▸ **Exercise description**
In these entries, tally the lines where "rule" occurs. Respond with only the count.

▸ **Input**
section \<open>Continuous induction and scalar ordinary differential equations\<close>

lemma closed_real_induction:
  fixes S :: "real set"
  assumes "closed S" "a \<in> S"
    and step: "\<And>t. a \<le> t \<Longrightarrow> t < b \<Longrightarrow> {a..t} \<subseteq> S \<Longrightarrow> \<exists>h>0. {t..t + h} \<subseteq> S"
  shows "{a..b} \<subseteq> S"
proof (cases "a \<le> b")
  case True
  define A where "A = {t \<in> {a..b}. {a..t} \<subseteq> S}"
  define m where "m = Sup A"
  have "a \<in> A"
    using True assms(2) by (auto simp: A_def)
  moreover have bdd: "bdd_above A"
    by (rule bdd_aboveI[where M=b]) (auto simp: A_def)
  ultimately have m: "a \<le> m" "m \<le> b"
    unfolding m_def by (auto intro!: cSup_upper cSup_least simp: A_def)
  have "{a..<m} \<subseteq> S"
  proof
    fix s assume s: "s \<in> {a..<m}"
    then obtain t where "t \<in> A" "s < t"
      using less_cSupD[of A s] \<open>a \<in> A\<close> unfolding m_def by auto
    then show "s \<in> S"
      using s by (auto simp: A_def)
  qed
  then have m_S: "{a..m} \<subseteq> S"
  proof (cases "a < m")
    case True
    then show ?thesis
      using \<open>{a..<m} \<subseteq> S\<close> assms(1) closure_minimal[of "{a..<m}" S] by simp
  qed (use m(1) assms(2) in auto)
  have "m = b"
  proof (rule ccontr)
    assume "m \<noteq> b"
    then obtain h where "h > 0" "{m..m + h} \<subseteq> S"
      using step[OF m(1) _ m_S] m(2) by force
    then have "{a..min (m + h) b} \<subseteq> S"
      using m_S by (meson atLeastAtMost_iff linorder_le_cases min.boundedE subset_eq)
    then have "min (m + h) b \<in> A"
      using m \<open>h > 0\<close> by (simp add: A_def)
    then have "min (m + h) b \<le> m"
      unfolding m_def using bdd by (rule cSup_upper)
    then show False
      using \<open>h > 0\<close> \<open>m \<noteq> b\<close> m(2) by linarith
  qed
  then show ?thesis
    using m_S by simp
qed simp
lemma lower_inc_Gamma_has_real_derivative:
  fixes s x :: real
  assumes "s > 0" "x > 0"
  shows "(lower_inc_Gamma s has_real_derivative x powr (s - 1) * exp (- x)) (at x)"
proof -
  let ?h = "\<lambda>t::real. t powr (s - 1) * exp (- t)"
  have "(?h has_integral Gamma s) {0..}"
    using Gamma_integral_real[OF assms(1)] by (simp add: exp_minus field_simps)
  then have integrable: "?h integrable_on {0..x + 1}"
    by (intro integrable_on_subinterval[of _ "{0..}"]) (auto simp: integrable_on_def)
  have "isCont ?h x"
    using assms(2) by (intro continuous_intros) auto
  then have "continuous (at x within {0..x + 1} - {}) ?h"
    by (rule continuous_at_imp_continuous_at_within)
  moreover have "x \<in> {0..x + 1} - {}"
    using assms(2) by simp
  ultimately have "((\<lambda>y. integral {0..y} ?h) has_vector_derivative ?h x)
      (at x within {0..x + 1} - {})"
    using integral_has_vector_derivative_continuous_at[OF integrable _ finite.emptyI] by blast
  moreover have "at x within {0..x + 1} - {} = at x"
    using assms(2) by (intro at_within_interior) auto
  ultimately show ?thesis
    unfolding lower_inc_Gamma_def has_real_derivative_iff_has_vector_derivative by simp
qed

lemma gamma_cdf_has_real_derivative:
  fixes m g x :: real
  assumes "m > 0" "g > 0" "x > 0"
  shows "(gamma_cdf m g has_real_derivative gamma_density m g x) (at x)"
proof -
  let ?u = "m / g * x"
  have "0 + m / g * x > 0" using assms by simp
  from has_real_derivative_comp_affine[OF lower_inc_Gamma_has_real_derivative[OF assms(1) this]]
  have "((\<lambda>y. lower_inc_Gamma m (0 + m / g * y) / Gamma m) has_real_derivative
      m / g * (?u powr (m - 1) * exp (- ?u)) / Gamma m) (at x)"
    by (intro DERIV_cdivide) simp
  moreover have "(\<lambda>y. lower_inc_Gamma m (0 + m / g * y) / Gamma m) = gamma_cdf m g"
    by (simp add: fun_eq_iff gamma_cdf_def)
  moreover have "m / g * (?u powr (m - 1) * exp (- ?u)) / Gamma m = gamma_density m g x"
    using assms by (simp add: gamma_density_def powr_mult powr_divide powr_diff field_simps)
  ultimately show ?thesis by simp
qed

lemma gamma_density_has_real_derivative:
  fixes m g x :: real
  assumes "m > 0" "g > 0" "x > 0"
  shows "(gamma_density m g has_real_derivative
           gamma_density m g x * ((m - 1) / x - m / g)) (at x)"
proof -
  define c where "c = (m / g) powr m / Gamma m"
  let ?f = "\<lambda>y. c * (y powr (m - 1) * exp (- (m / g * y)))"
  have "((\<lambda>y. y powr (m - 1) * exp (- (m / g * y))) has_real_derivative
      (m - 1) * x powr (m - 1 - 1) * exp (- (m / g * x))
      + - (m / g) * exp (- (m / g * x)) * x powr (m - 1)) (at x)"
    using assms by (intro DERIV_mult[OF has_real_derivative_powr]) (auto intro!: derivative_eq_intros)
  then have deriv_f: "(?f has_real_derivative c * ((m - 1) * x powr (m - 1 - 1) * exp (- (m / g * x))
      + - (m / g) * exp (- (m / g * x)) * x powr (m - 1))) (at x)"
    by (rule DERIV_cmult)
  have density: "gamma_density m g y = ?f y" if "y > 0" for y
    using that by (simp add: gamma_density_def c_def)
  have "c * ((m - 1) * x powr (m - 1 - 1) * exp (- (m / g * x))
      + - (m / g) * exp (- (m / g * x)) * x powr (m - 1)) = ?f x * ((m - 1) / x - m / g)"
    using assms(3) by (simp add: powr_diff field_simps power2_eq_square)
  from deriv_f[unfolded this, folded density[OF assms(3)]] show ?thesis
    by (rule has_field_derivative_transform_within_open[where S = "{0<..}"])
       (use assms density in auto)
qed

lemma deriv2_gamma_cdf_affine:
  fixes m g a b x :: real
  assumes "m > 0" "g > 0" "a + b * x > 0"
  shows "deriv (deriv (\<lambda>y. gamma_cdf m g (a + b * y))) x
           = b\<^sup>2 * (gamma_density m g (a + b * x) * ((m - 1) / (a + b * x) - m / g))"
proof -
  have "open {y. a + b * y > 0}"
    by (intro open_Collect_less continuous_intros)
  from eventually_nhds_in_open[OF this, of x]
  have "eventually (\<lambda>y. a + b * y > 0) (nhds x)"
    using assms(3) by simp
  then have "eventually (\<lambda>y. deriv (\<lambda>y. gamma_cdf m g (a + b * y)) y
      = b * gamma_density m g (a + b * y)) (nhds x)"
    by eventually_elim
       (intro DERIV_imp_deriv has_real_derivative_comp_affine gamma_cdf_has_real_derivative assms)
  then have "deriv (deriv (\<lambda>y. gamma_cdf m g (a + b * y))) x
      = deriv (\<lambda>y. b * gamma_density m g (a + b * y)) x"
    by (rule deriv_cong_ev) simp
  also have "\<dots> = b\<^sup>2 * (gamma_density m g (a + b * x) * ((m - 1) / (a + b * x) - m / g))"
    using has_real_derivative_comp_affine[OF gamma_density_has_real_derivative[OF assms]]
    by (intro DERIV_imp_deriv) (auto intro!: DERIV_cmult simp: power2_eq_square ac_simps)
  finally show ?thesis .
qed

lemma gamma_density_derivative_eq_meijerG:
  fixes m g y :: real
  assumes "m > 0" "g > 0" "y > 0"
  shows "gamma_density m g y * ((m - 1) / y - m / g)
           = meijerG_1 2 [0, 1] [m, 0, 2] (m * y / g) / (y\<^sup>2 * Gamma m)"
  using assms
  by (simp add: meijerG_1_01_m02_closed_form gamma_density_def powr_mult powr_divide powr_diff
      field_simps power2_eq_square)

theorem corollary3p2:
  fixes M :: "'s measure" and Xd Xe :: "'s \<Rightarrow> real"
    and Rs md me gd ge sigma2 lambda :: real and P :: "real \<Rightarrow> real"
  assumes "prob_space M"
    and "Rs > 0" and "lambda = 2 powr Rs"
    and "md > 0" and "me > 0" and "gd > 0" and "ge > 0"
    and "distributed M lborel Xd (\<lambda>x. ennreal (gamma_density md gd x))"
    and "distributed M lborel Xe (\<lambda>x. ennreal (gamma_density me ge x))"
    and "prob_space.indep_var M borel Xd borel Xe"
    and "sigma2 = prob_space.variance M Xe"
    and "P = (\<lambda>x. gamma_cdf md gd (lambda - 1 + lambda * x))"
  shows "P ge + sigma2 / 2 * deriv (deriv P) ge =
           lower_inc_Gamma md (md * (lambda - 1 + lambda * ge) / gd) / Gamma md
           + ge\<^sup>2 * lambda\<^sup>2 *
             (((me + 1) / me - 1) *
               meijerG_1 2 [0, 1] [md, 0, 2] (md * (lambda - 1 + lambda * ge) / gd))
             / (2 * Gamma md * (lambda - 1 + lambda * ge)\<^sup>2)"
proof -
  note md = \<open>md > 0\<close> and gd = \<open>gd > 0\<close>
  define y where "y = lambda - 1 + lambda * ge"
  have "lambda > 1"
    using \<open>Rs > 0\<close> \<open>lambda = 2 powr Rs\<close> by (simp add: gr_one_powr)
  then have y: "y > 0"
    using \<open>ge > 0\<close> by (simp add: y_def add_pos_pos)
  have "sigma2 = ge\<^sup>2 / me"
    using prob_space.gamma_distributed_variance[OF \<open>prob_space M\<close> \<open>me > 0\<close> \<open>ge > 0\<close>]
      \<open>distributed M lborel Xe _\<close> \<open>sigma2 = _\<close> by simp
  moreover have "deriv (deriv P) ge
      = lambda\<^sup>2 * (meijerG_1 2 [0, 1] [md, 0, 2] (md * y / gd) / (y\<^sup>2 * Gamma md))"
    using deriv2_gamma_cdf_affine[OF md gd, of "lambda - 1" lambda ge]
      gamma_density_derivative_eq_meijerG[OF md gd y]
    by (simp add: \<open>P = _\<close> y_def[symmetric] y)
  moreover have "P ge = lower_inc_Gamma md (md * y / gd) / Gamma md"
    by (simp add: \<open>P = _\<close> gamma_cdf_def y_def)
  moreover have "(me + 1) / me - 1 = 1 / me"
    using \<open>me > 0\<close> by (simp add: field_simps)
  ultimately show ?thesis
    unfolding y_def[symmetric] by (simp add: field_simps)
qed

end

▸ **Solved exercise**
7